With the line that contains "(\<forall>k. \<exists>B. \<forall>G\<in>C." as the final line, return every line from the start of the data below exactly.

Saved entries
# # # # # # #

text \<open>Shallow minor at depth r = k/2 (k :: nat encodes the half-integer r).
  Each vertex v of H is identified with the root r_v of its tree T v, so V(H) \<subseteq> V(G);
  ceil r = (k+1) div 2 and 2r+1 = k+1.\<close>
definition shallow_minor :: "nat \<Rightarrow> 'a graph \<Rightarrow> 'a graph \<Rightarrow> bool" where
  "shallow_minor k G H \<longleftrightarrow> wf_graph H \<and> fst H \<subseteq> fst G \<and>
    (\<exists>T :: 'a \<Rightarrow> 'a graph.
      (\<forall>v\<in>fst H. subgraph (T v) G \<and> is_tree (T v) \<and> v \<in> fst (T v) \<and>
          (\<forall>xs. is_path (T v) xs \<and> hd xs = v \<longrightarrow> length xs - 1 \<le> (k + 1) div 2)) \<and>
      (\<forall>u\<in>fst H. \<forall>v\<in>fst H. u \<noteq> v \<longrightarrow> fst (T u) \<inter> fst (T v) = {}) \<and>
      (\<forall>u v. {u, v} \<in> snd H \<longrightarrow>
         (\<exists>x y. x \<in> fst (T u) \<and> y \<in> fst (T v) \<and> {x, y} \<in> snd G \<and>
            (\<exists>xs. is_path (fst (T u) \<union> fst (T v), snd (T u) \<union> snd (T v) \<union> {{x, y}}) xs
                  \<and> hd xs = u \<and> last xs = v \<and> length xs - 1 \<le> k + 1))))"

text \<open>nabla k G = \<nabla>_{k/2}(G): maximum of |E(H)|/|V(H)| over nonempty shallow minors
  (0 is inserted only to make the value defined for the empty graph; all ratios are \<ge> 0).\<close>
definition nabla :: "nat \<Rightarrow> 'a graph \<Rightarrow> real" where
  "nabla k G = Sup (insert 0 {real (card (snd H)) / real (card (fst H)) | H.
                     shallow_minor k G H \<and> fst H \<noteq> {}})"

text \<open>Sub-exponential expansion: Exp(r) finite for every r and Exp(r) = 2^{o(r)},
  i.e. for every eps > 0, eventually Exp(r) \<le> 2^(eps r); here r = k/2.\<close>
definition subexp_expansion :: "'a graph set \<Rightarrow> bool" where
  "subexp_expansion C \<longleftrightarrow>
     (\<forall>k. \<exists>B. \<forall>G\<in>C. nabla k G \<le> B) \<and>
     (\<forall>\<epsilon>>0. \<exists>N. \<forall>k\<ge>N. \<forall>G\<in>C. nabla k G \<le> 2 powr (\<epsilon> * (real k / 2)))"

definition p_reduction :: "nat \<Rightarrow> 'a graph \<Rightarrow> 'a graph \<Rightarrow> bool" where
  "p_reduction p G G' \<longleftrightarrow>
     (\<exists>v\<in>fst G. degree G v = 0 \<and> G' = (fst G - {v}, snd G)) \<or>
     (\<exists>v\<in>fst G. degree G v = 1 \<and> G' = (fst G - {v}, {e \<in> snd G. v \<notin> e})) \<or>
     (\<exists>xs. is_path G xs \<and> hd xs \<noteq> last xs \<and> length xs - 1 \<ge> p \<and>
        (\<forall>x\<in>set (butlast (tl xs)). degree G x = 2) \<and>
        G' = (fst G - set (butlast (tl xs)), {e \<in> snd G. e \<inter> set (butlast (tl xs)) = {}}))"

inductive path_degenerate :: "nat \<Rightarrow> 'a graph \<Rightarrow> bool" for p :: nat where
  empty: "path_degenerate p ({}, {})"
| step: "p_reduction p G G' \<Longrightarrow> path_degenerate p G' \<Longrightarrow> path_degenerate p G"

end

theory Submission
  imports Defs "HOL-Library.Product_Lexorder"
begin

text \<open>If \<open>G\<close> is not \<open>p\<close>-path degenerate, greedy reduction gets stuck at a nonempty induced
  subgraph \<open>H\<close> admitting no \<open>p\<close>-reduction: \<open>H\<close> has minimum degree at least 2 and every path with
  \<open>p\<close> edges has an inner vertex of degree at least 3. Below the girth, paths from a vertex
  therefore branch at least once every \<open>p\<close> steps, and there are at least \<open>2^(r div p)\<close> paths of
  length \<open>r\<close> starting at any vertex of \<open>H\<close>.

  Now take a maximal set \<open>S\<close> of vertices of \<open>H\<close> at pairwise distance more than \<open>2R\<close> and split
  \<open>H\<close> into breadth-first trees of radius at most \<open>2R\<close> around them. If the girth exceeds
  \<open>8R + 2\<close>, the paths of length \<open>R + 1\<close> from a centre leave its tree through pairwise distinct
  edges, and two trees are joined by at most one edge. Contracting the trees gives a shallow minor
  at depth \<open>2R\<close> with at least \<open>2^((R + 1) div p) / 2\<close> edges per vertex, which for large \<open>R\<close>
  exceeds the sub-exponential bound on the expansion.\<close>

section \<open>Walks, paths and cycles\<close>

fun walk :: "'a set set \<Rightarrow> 'a list \<Rightarrow> bool" where
  "walk F [] = True"
| "walk F [x] = True"
| "walk F (x # y # xs) \<longleftrightarrow> {x, y} \<in> F \<and> walk F (y # xs)"

lemma walk_nth: "walk F xs \<longleftrightarrow> (\<forall>i. Suc i < length xs \<longrightarrow> {xs ! i, xs ! Suc i} \<in> F)"
proof (induction F xs rule: walk.induct)
  case (3 F x y xs)
  have "(\<forall>i. Suc i < length (x # y # xs) \<longrightarrow> {(x # y # xs) ! i, (x # y # xs) ! Suc i} \<in> F)
      \<longleftrightarrow> {x, y} \<in> F \<and> (\<forall>i. Suc i < length (y # xs) \<longrightarrow> {(y # xs) ! i, (y # xs) ! Suc i} \<in> F)"
    by (auto simp: nth_Cons split: nat.splits)
  with 3 show ?case by simp
qed auto

lemma is_path_iff_walk:
  "is_path G xs \<longleftrightarrow> xs \<noteq> [] \<and> distinct xs \<and> set xs \<subseteq> fst G \<and> walk (snd G) xs"
  unfolding is_path_def walk_nth by simp

lemma walk_append:
  "walk F (xs @ ys) \<longleftrightarrow> walk F xs \<and> walk F ys \<and> (xs \<noteq> [] \<and> ys \<noteq> [] \<longrightarrow> {last xs, hd ys} \<in> F)"
proof (induction xs rule: walk.induct)
  case (2 F x)
  then show ?case by (cases ys) auto
qed auto

lemma walk_Cons: "walk F (x # xs) \<longleftrightarrow> walk F xs \<and> (xs \<noteq> [] \<longrightarrow> {x, hd xs} \<in> F)"
  by (cases xs) auto

lemma walk_rev [simp]: "walk F (rev xs) \<longleftrightarrow> walk F xs"
  by (induction F xs rule: walk.induct) (auto simp: walk_append insert_commute)

lemma walk_mono: "walk F xs \<Longrightarrow> F \<subseteq> F' \<Longrightarrow> walk F' xs"
  by (induction F xs rule: walk.induct) auto

lemma walk_take: "walk F xs \<Longrightarrow> walk F (take n xs)"
  and walk_drop: "walk F xs \<Longrightarrow> walk F (drop n xs)"
  using walk_append[of F "take n xs" "drop n xs"] by simp_all

lemma walk_join:
  "walk F xs \<Longrightarrow> walk F ys \<Longrightarrow> last xs = hd ys \<Longrightarrow> walk F (xs @ tl ys)"
  by (cases ys) (auto simp: walk_append walk_Cons)

lemma last_append_tl: "ys \<noteq> [] \<Longrightarrow> xs \<noteq> [] \<Longrightarrow> last xs = hd ys \<Longrightarrow> last (xs @ tl ys) = last ys"
  by (cases ys) auto

lemma walk_avoiding_vertex: "walk F xs \<Longrightarrow> a \<notin> set xs \<Longrightarrow> walk (F - {{a, b}}) xs"
  unfolding walk_nth by (auto simp: doubleton_eq_iff)

lemma is_path_drop: "is_path G xs \<Longrightarrow> n < length xs \<Longrightarrow> is_path G (drop n xs)"
  unfolding is_path_iff_walk using walk_drop set_drop_subset by fastforce

lemma is_path_take: "is_path G xs \<Longrightarrow> 0 < n \<Longrightarrow> is_path G (take n xs)"
  unfolding is_path_iff_walk using walk_take set_take_subset by fastforce

lemma walk_shortcut:
  assumes "walk F xs" "xs \<noteq> []"
  obtains ys where "walk F ys" "distinct ys" "ys \<noteq> []" "hd ys = hd xs" "last ys = last xs"
    "set ys \<subseteq> set xs" "length ys \<le> length xs"
  using assms
proof (induction "length xs" arbitrary: xs rule: less_induct)
  case less
  show ?case
  proof (cases "distinct xs")
    case True
    with less show ?thesis by blast
  next
    case False
    then obtain as y bs cs where xs: "xs = as @ [y] @ bs @ [y] @ cs"
      using not_distinct_decomp by blast
    define xs' where "xs' = as @ [y] @ cs"
    have "walk F xs'"
      using less(3) unfolding xs xs'_def by (auto simp: walk_append walk_Cons)
    moreover have "length xs' < length xs" "xs' \<noteq> []"
      unfolding xs xs'_def by simp_all
    moreover have "hd xs' = hd xs" "last xs' = last xs" "set xs' \<subseteq> set xs"
      unfolding xs xs'_def by (cases as; auto)+
    ultimately show ?thesis
      using less(1)[of xs'] less(2) by (metis order.trans less_imp_le)
  qed
qed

# # # # # # #

Reply:
text \<open>Shallow minor at depth r = k/2 (k :: nat encodes the half-integer r).
  Each vertex v of H is identified with the root r_v of its tree T v, so V(H) \<subseteq> V(G);
  ceil r = (k+1) div 2 and 2r+1 = k+1.\<close>
definition shallow_minor :: "nat \<Rightarrow> 'a graph \<Rightarrow> 'a graph \<Rightarrow> bool" where
  "shallow_minor k G H \<longleftrightarrow> wf_graph H \<and> fst H \<subseteq> fst G \<and>
    (\<exists>T :: 'a \<Rightarrow> 'a graph.
      (\<forall>v\<in>fst H. subgraph (T v) G \<and> is_tree (T v) \<and> v \<in> fst (T v) \<and>
          (\<forall>xs. is_path (T v) xs \<and> hd xs = v \<longrightarrow> length xs - 1 \<le> (k + 1) div 2)) \<and>
      (\<forall>u\<in>fst H. \<forall>v\<in>fst H. u \<noteq> v \<longrightarrow> fst (T u) \<inter> fst (T v) = {}) \<and>
      (\<forall>u v. {u, v} \<in> snd H \<longrightarrow>
         (\<exists>x y. x \<in> fst (T u) \<and> y \<in> fst (T v) \<and> {x, y} \<in> snd G \<and>
            (\<exists>xs. is_path (fst (T u) \<union> fst (T v), snd (T u) \<union> snd (T v) \<union> {{x, y}}) xs
                  \<and> hd xs = u \<and> last xs = v \<and> length xs - 1 \<le> k + 1))))"

text \<open>nabla k G = \<nabla>_{k/2}(G): maximum of |E(H)|/|V(H)| over nonempty shallow minors
  (0 is inserted only to make the value defined for the empty graph; all ratios are \<ge> 0).\<close>
definition nabla :: "nat \<Rightarrow> 'a graph \<Rightarrow> real" where
  "nabla k G = Sup (insert 0 {real (card (snd H)) / real (card (fst H)) | H.
                     shallow_minor k G H \<and> fst H \<noteq> {}})"

text \<open>Sub-exponential expansion: Exp(r) finite for every r and Exp(r) = 2^{o(r)},
  i.e. for every eps > 0, eventually Exp(r) \<le> 2^(eps r); here r = k/2.\<close>
definition subexp_expansion :: "'a graph set \<Rightarrow> bool" where
  "subexp_expansion C \<longleftrightarrow>
     (\<forall>k. \<exists>B. \<forall>G\<in>C. nabla k G \<le> B) \<and>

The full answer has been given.